Exercise materials:

(* Let $(\mathfrak{A},\varphi,\tau)$ be a $*$-dynamical system and let $\mathfrak{S}$ and $\mathfrak{T}$ be $\varphi$-total sets in $\mathfrak{A}$. Then: (i) If $(\mathfrak{A},\varphi,\tau)$ is ergodic, then $\frac1n\sum_{k=0}^{n-1}\varphi\left(A\tau^k(B)\right)\to\varphi(A)\varphi(B)$ as $n\to\infty$ for all $A,B\in\mathfrak{A}$. (ii) If $\frac1n\sum_{k=0}^{n-1}\varphi\left(A\tau^k(B)\right)\to\varphi(A)\varphi(B)$ as $n\to\infty$ for all $A\in\mathfrak{S}^*$ and $B\in\mathfrak{T}$, then $(\mathfrak{A},\varphi,\tau)$ is ergodic.
   Context: All algebras are over $\mathbb{C}$. A state on a unital $*$-algebra $\mathfrak{A}$ is a linear functional $\varphi$ with $\varphi(A^*A)\ge0$ for all $A$ and $\varphi(1)=1$. A $*$-dynamical system is a triple $(\mathfrak{A},\varphi,\tau)$ with $\mathfrak{A}$ a unital $*$-algebra, $\varphi$ a state, and $\tau:\mathfrak{A}\to\mathfrak{A}$ linear with $\tau(1)=1$ and $\varphi(\tau(A)^*\tau(A))\le\varphi(A^*A)$ for all $A$. Let $\|A\|_\varphi=\sqrt{\varphi(A^*A)}$ and identify $\alpha\in\mathbb{C}$ with $\alpha1$. The system is ergodic if for every sequence $(A_n)$ with $\|\tau(A_n)-A_n\|_\varphi\to0$ which is Cauchy for $\|\cdot\|_\varphi$ (for every $\varepsilon>0$ there is $N$ with $\|A_m-A_n\|_\varphi\le\varepsilon$ for $m,n>N$), there is $\alpha\in\mathbb{C}$ with $\|A_n-\alpha\|_\varphi\to0$. A subset of $\mathfrak{A}$ is $\varphi$-total if its linear span is dense in the seminormed space $(\mathfrak{A},\|\cdot\|_\varphi)$. For $\mathfrak{S}\subseteq\mathfrak{A}$, $\mathfrak{S}^*=\{A^*:A\in\mathfrak{S}\}$. *)

theory Defs
  imports Complex_Main
begin

text \<open>A unital complex *-algebra is modelled on a type 'a of class ring_1
 (unital associative ring), together with a complex scalar multiplication
 smul and an involution st (the star operation).\<close>

definition star_algebra :: "(complex \<Rightarrow> 'a::ring_1 \<Rightarrow> 'a) \<Rightarrow> ('a \<Rightarrow> 'a) \<Rightarrow> bool" where
  "star_algebra smul st \<longleftrightarrow>
     (\<forall>a b x. smul a (x + b) = smul a x + smul a b) \<and>
     (\<forall>a b x. smul (a + b) x = smul a x + smul b x) \<and>
     (\<forall>a b x. smul a (smul b x) = smul (a * b) x) \<and>
     (\<forall>x. smul 1 x = x) \<and>
     (\<forall>a x y. smul a (x * y) = smul a x * y) \<and>
     (\<forall>a x y. smul a (x * y) = x * smul a y) \<and>
     (\<forall>x. st (st x) = x) \<and>
     (\<forall>x y. st (x + y) = st x + st y) \<and>
     (\<forall>a x. st (smul a x) = smul (cnj a) (st x)) \<and>
     (\<forall>x y. st (x * y) = st y * st x)"

definition is_state :: "(complex \<Rightarrow> 'a::ring_1 \<Rightarrow> 'a) \<Rightarrow> ('a \<Rightarrow> 'a) \<Rightarrow> ('a \<Rightarrow> complex) \<Rightarrow> bool" where
  "is_state smul st \<phi> \<longleftrightarrow>
     (\<forall>x y. \<phi> (x + y) = \<phi> x + \<phi> y) \<and>
     (\<forall>a x. \<phi> (smul a x) = a * \<phi> x) \<and>
     (\<forall>x. Im (\<phi> (st x * x)) = 0 \<and> Re (\<phi> (st x * x)) \<ge> 0) \<and>
     \<phi> 1 = 1"

definition phinorm :: "('a::ring_1 \<Rightarrow> 'a) \<Rightarrow> ('a \<Rightarrow> complex) \<Rightarrow> 'a \<Rightarrow> real" where
  "phinorm st \<phi> A = sqrt (Re (\<phi> (st A * A)))"

definition star_dynamical_system ::
  "(complex \<Rightarrow> 'a::ring_1 \<Rightarrow> 'a) \<Rightarrow> ('a \<Rightarrow> 'a) \<Rightarrow> ('a \<Rightarrow> complex) \<Rightarrow> ('a \<Rightarrow> 'a) \<Rightarrow> bool" where
  "star_dynamical_system smul st \<phi> \<tau> \<longleftrightarrow>
     star_algebra smul st \<and> is_state smul st \<phi> \<and>
     (\<forall>x y. \<tau> (x + y) = \<tau> x + \<tau> y) \<and>
     (\<forall>a x. \<tau> (smul a x) = smul a (\<tau> x)) \<and>
     \<tau> 1 = 1 \<and>
     (\<forall>A. Re (\<phi> (st (\<tau> A) * \<tau> A)) \<le> Re (\<phi> (st A * A)))"

definition phi_cauchy :: "('a::ring_1 \<Rightarrow> 'a) \<Rightarrow> ('a \<Rightarrow> complex) \<Rightarrow> (nat \<Rightarrow> 'a) \<Rightarrow> bool" where
  "phi_cauchy st \<phi> X \<longleftrightarrow>
     (\<forall>\<epsilon>>0. \<exists>N. \<forall>m n. m > N \<and> n > N \<longrightarrow> phinorm st \<phi> (X m - X n) \<le> \<epsilon>)"

definition ergodic ::
  "(complex \<Rightarrow> 'a::ring_1 \<Rightarrow> 'a) \<Rightarrow> ('a \<Rightarrow> 'a) \<Rightarrow> ('a \<Rightarrow> complex) \<Rightarrow> ('a \<Rightarrow> 'a) \<Rightarrow> bool" where
  "ergodic smul st \<phi> \<tau> \<longleftrightarrow>
     (\<forall>X. (\<lambda>n. phinorm st \<phi> (\<tau> (X n) - X n)) \<longlonglongrightarrow> 0 \<and> phi_cauchy st \<phi> X \<longrightarrow>
        (\<exists>\<alpha>. (\<lambda>n. phinorm st \<phi> (X n - smul \<alpha> 1)) \<longlonglongrightarrow> 0))"

definition lin_span :: "(complex \<Rightarrow> 'a::ring_1 \<Rightarrow> 'a) \<Rightarrow> 'a set \<Rightarrow> 'a set" where
  "lin_span smul S = {B. \<exists>F c. finite F \<and> F \<subseteq> S \<and> B = (\<Sum>s\<in>F. smul (c s) s)}"

definition phi_total ::
  "(complex \<Rightarrow> 'a::ring_1 \<Rightarrow> 'a) \<Rightarrow> ('a \<Rightarrow> 'a) \<Rightarrow> ('a \<Rightarrow> complex) \<Rightarrow> 'a set \<Rightarrow> bool" where
  "phi_total smul st \<phi> S \<longleftrightarrow>
     (\<forall>A. \<forall>\<epsilon>>0. \<exists>B\<in>lin_span smul S. phinorm st \<phi> (A - B) < \<epsilon>)"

To do: Set down the whole listing once more, exactly as it appears.

Your solution:
(* Let $(\mathfrak{A},\varphi,\tau)$ be a $*$-dynamical system and let $\mathfrak{S}$ and $\mathfrak{T}$ be $\varphi$-total sets in $\mathfrak{A}$. Then: (i) If $(\mathfrak{A},\varphi,\tau)$ is ergodic, then $\frac1n\sum_{k=0}^{n-1}\varphi\left(A\tau^k(B)\right)\to\varphi(A)\varphi(B)$ as $n\to\infty$ for all $A,B\in\mathfrak{A}$. (ii) If $\frac1n\sum_{k=0}^{n-1}\varphi\left(A\tau^k(B)\right)\to\varphi(A)\varphi(B)$ as $n\to\infty$ for all $A\in\mathfrak{S}^*$ and $B\in\mathfrak{T}$, then $(\mathfrak{A},\varphi,\tau)$ is ergodic.
   Context: All algebras are over $\mathbb{C}$. A state on a unital $*$-algebra $\mathfrak{A}$ is a linear functional $\varphi$ with $\varphi(A^*A)\ge0$ for all $A$ and $\varphi(1)=1$. A $*$-dynamical system is a triple $(\mathfrak{A},\varphi,\tau)$ with $\mathfrak{A}$ a unital $*$-algebra, $\varphi$ a state, and $\tau:\mathfrak{A}\to\mathfrak{A}$ linear with $\tau(1)=1$ and $\varphi(\tau(A)^*\tau(A))\le\varphi(A^*A)$ for all $A$. Let $\|A\|_\varphi=\sqrt{\varphi(A^*A)}$ and identify $\alpha\in\mathbb{C}$ with $\alpha1$. The system is ergodic if for every sequence $(A_n)$ with $\|\tau(A_n)-A_n\|_\varphi\to0$ which is Cauchy for $\|\cdot\|_\varphi$ (for every $\varepsilon>0$ there is $N$ with $\|A_m-A_n\|_\varphi\le\varepsilon$ for $m,n>N$), there is $\alpha\in\mathbb{C}$ with $\|A_n-\alpha\|_\varphi\to0$. A subset of $\mathfrak{A}$ is $\varphi$-total if its linear span is dense in the seminormed space $(\mathfrak{A},\|\cdot\|_\varphi)$. For $\mathfrak{S}\subseteq\mathfrak{A}$, $\mathfrak{S}^*=\{A^*:A\in\mathfrak{S}\}$. *)

theory Defs
  imports Complex_Main
begin

text \<open>A unital complex *-algebra is modelled on a type 'a of class ring_1
 (unital associative ring), together with a complex scalar multiplication
 smul and an involution st (the star operation).\<close>

definition star_algebra :: "(complex \<Rightarrow> 'a::ring_1 \<Rightarrow> 'a) \<Rightarrow> ('a \<Rightarrow> 'a) \<Rightarrow> bool" where
  "star_algebra smul st \<longleftrightarrow>
     (\<forall>a b x. smul a (x + b) = smul a x + smul a b) \<and>
     (\<forall>a b x. smul (a + b) x = smul a x + smul b x) \<and>
     (\<forall>a b x. smul a (smul b x) = smul (a * b) x) \<and>
     (\<forall>x. smul 1 x = x) \<and>
     (\<forall>a x y. smul a (x * y) = smul a x * y) \<and>
     (\<forall>a x y. smul a (x * y) = x * smul a y) \<and>
     (\<forall>x. st (st x) = x) \<and>
     (\<forall>x y. st (x + y) = st x + st y) \<and>
     (\<forall>a x. st (smul a x) = smul (cnj a) (st x)) \<and>
     (\<forall>x y. st (x * y) = st y * st x)"

definition is_state :: "(complex \<Rightarrow> 'a::ring_1 \<Rightarrow> 'a) \<Rightarrow> ('a \<Rightarrow> 'a) \<Rightarrow> ('a \<Rightarrow> complex) \<Rightarrow> bool" where
  "is_state smul st \<phi> \<longleftrightarrow>
     (\<forall>x y. \<phi> (x + y) = \<phi> x + \<phi> y) \<and>
     (\<forall>a x. \<phi> (smul a x) = a * \<phi> x) \<and>
     (\<forall>x. Im (\<phi> (st x * x)) = 0 \<and> Re (\<phi> (st x * x)) \<ge> 0) \<and>
     \<phi> 1 = 1"

definition phinorm :: "('a::ring_1 \<Rightarrow> 'a) \<Rightarrow> ('a \<Rightarrow> complex) \<Rightarrow> 'a \<Rightarrow> real" where
  "phinorm st \<phi> A = sqrt (Re (\<phi> (st A * A)))"

definition star_dynamical_system ::
  "(complex \<Rightarrow> 'a::ring_1 \<Rightarrow> 'a) \<Rightarrow> ('a \<Rightarrow> 'a) \<Rightarrow> ('a \<Rightarrow> complex) \<Rightarrow> ('a \<Rightarrow> 'a) \<Rightarrow> bool" where
  "star_dynamical_system smul st \<phi> \<tau> \<longleftrightarrow>
     star_algebra smul st \<and> is_state smul st \<phi> \<and>
     (\<forall>x y. \<tau> (x + y) = \<tau> x + \<tau> y) \<and>
     (\<forall>a x. \<tau> (smul a x) = smul a (\<tau> x)) \<and>
     \<tau> 1 = 1 \<and>
     (\<forall>A. Re (\<phi> (st (\<tau> A) * \<tau> A)) \<le> Re (\<phi> (st A * A)))"

definition phi_cauchy :: "('a::ring_1 \<Rightarrow> 'a) \<Rightarrow> ('a \<Rightarrow> complex) \<Rightarrow> (nat \<Rightarrow> 'a) \<Rightarrow> bool" where
  "phi_cauchy st \<phi> X \<longleftrightarrow>
     (\<forall>\<epsilon>>0. \<exists>N. \<forall>m n. m > N \<and> n > N \<longrightarrow> phinorm st \<phi> (X m - X n) \<le> \<epsilon>)"

definition ergodic ::
  "(complex \<Rightarrow> 'a::ring_1 \<Rightarrow> 'a) \<Rightarrow> ('a \<Rightarrow> 'a) \<Rightarrow> ('a \<Rightarrow> complex) \<Rightarrow> ('a \<Rightarrow> 'a) \<Rightarrow> bool" where
  "ergodic smul st \<phi> \<tau> \<longleftrightarrow>
     (\<forall>X. (\<lambda>n. phinorm st \<phi> (\<tau> (X n) - X n)) \<longlonglongrightarrow> 0 \<and> phi_cauchy st \<phi> X \<longrightarrow>
        (\<exists>\<alpha>. (\<lambda>n. phinorm st \<phi> (X n - smul \<alpha> 1)) \<longlonglongrightarrow> 0))"

definition lin_span :: "(complex \<Rightarrow> 'a::ring_1 \<Rightarrow> 'a) \<Rightarrow> 'a set \<Rightarrow> 'a set" where
  "lin_span smul S = {B. \<exists>F c. finite F \<and> F \<subseteq> S \<and> B = (\<Sum>s\<in>F. smul (c s) s)}"

definition phi_total ::
  "(complex \<Rightarrow> 'a::ring_1 \<Rightarrow> 'a) \<Rightarrow> ('a \<Rightarrow> 'a) \<Rightarrow> ('a \<Rightarrow> complex) \<Rightarrow> 'a set \<Rightarrow> bool" where
  "phi_total smul st \<phi> S \<longleftrightarrow>
     (\<forall>A. \<forall>\<epsilon>>0. \<exists>B\<in>lin_span smul S. phinorm st \<phi> (A - B) < \<epsilon>)"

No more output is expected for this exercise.